TASK DESCRIPTION. Lines containing "same": state how many there are in these entries, and write only that number.

Data extracted from a collection:
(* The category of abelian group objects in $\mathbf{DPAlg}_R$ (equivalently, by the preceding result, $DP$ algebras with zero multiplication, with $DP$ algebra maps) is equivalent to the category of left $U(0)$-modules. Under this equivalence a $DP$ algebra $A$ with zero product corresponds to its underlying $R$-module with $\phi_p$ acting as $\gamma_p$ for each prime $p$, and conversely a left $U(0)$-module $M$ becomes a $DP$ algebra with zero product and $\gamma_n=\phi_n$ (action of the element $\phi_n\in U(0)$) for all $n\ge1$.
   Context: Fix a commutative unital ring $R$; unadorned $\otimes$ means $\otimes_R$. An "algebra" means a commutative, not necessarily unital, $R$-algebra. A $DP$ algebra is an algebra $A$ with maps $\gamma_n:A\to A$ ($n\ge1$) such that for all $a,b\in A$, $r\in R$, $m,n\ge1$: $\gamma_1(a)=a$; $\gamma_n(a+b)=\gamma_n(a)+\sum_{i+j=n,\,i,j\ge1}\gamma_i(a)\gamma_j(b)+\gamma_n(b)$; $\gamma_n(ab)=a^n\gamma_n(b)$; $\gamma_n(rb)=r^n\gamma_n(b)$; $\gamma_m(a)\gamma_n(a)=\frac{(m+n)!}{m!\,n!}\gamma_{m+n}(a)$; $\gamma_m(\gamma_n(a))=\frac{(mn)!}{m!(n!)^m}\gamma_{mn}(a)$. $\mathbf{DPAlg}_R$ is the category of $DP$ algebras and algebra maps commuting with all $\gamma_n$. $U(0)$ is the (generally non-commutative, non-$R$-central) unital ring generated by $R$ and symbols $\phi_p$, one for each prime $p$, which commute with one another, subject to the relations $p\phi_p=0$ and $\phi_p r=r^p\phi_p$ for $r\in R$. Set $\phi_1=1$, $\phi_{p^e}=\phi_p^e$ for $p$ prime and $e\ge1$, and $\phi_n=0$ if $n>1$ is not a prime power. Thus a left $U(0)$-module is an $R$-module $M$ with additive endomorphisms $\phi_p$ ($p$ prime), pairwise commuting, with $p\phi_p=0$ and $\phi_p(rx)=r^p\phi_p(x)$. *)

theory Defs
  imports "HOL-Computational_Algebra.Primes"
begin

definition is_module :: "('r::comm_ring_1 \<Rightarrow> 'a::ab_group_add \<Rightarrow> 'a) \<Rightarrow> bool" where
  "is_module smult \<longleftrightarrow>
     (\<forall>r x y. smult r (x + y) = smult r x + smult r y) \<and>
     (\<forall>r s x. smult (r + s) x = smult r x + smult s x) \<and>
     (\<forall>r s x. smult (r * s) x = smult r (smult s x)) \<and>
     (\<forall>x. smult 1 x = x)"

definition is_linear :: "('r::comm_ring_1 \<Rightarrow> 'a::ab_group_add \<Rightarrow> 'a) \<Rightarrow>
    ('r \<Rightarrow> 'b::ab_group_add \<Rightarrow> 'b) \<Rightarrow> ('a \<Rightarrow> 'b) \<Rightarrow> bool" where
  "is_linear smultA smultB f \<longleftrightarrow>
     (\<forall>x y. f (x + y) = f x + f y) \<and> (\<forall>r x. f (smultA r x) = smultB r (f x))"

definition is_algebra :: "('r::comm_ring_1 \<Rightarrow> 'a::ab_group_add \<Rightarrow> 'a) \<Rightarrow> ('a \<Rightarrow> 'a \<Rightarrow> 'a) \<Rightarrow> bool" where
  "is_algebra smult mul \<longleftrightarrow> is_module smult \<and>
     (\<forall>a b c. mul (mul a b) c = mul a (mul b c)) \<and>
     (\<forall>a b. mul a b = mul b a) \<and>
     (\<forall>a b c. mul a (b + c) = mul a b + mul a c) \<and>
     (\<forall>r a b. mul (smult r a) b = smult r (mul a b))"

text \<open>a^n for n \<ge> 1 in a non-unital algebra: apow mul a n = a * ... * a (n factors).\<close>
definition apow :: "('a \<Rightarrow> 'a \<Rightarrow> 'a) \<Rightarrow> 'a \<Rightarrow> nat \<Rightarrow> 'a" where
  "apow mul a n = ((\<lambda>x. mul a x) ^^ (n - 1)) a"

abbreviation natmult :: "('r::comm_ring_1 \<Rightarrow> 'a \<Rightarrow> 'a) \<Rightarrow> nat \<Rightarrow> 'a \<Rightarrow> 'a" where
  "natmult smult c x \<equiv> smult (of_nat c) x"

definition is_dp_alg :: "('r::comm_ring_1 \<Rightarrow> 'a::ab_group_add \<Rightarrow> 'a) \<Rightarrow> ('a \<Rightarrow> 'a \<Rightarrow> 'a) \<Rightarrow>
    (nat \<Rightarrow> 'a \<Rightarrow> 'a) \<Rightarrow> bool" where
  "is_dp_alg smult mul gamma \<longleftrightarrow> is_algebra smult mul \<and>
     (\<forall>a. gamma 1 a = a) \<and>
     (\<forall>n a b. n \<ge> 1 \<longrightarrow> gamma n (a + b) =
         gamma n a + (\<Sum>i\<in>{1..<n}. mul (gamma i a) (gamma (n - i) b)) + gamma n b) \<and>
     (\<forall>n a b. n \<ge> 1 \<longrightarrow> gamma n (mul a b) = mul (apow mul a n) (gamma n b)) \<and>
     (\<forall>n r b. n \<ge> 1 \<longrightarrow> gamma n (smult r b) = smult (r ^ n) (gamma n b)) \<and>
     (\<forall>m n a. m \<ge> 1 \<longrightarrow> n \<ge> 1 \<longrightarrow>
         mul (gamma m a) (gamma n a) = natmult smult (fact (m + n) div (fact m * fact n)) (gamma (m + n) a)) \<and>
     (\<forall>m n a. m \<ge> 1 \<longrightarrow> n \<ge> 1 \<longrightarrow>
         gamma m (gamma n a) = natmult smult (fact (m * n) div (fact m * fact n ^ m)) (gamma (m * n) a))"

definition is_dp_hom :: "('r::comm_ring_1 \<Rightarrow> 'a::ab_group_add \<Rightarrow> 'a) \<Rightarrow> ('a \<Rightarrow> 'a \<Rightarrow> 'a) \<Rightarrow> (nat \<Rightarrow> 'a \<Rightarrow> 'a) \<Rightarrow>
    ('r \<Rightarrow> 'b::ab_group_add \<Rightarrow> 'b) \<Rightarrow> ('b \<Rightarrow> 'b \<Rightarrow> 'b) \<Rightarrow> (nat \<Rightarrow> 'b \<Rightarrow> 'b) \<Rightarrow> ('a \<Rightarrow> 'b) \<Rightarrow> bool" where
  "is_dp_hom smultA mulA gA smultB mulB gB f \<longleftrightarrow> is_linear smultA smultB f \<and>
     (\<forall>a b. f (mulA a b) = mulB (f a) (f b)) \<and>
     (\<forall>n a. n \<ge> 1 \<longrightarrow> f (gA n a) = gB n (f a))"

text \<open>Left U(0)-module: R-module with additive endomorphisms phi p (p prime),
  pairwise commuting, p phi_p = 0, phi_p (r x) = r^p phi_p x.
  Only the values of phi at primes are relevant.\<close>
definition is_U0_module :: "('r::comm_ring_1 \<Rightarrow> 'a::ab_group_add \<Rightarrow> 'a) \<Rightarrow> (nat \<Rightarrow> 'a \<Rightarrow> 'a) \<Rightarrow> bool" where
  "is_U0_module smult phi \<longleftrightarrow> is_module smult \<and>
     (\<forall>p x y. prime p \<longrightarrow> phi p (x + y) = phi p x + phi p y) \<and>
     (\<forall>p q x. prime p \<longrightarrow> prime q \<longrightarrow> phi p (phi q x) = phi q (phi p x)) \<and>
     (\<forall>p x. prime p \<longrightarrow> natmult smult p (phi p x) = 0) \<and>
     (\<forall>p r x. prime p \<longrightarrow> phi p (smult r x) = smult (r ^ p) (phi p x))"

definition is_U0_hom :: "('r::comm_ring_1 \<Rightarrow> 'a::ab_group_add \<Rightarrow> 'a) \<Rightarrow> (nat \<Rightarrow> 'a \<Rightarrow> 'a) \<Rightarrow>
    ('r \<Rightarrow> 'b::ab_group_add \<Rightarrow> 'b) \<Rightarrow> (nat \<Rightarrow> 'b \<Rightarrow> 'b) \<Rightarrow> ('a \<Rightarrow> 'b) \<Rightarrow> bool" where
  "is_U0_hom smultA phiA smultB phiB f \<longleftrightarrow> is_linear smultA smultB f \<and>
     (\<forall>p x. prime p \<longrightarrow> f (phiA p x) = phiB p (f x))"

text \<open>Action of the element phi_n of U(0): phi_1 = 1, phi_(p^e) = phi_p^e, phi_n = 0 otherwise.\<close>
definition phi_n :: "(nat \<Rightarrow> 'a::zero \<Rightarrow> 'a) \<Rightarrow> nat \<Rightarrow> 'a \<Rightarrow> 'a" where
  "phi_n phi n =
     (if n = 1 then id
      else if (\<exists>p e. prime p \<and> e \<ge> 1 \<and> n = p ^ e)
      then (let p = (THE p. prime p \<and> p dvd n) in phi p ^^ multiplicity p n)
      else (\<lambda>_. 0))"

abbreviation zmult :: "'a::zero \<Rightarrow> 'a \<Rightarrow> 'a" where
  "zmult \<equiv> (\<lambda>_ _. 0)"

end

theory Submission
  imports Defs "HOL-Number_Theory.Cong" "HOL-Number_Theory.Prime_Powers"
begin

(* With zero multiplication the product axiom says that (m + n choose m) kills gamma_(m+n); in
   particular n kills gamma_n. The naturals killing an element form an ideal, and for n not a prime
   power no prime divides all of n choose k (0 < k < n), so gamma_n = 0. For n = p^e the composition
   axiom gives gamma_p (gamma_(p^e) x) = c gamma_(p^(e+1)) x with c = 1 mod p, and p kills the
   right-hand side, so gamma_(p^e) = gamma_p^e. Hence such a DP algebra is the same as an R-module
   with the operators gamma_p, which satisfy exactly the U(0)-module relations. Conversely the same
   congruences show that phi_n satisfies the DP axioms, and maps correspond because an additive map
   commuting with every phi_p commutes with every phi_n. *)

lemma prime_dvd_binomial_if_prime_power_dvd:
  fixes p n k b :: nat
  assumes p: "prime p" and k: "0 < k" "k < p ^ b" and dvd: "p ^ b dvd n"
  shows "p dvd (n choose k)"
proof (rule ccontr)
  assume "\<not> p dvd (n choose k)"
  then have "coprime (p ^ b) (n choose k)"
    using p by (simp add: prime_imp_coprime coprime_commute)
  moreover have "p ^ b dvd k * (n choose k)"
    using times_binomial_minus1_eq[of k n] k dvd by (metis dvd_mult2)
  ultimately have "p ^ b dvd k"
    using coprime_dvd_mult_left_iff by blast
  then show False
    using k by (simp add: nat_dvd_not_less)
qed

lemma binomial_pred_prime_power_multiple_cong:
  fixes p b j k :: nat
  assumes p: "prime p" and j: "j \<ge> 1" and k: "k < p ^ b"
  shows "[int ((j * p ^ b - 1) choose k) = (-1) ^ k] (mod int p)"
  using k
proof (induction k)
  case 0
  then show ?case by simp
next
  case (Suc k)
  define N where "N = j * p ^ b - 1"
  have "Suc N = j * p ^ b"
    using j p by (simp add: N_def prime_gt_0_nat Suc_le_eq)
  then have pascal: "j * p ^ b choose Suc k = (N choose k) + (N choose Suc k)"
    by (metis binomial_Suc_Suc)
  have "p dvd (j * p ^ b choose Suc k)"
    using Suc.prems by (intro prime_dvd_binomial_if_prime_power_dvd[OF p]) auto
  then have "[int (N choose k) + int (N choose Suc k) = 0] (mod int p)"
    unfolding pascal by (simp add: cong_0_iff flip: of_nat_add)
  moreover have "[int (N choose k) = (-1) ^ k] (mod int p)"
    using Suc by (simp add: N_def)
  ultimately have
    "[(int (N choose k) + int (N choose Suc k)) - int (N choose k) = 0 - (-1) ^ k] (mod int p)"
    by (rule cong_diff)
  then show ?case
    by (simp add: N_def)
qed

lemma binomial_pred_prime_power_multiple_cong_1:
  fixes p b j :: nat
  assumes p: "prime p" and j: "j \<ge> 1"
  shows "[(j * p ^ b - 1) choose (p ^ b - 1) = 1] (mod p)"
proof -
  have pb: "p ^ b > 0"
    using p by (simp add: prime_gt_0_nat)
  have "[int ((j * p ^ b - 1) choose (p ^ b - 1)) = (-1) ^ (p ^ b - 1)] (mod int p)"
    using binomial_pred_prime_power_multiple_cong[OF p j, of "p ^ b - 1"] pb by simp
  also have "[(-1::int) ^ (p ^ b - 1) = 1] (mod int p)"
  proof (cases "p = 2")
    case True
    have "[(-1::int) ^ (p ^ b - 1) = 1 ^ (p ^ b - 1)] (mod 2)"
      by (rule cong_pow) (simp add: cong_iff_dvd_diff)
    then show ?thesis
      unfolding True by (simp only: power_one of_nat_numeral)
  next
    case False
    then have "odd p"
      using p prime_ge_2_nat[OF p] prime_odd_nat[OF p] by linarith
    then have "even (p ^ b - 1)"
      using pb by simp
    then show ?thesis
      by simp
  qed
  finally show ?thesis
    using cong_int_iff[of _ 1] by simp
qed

SOLVED EXERCISE. 2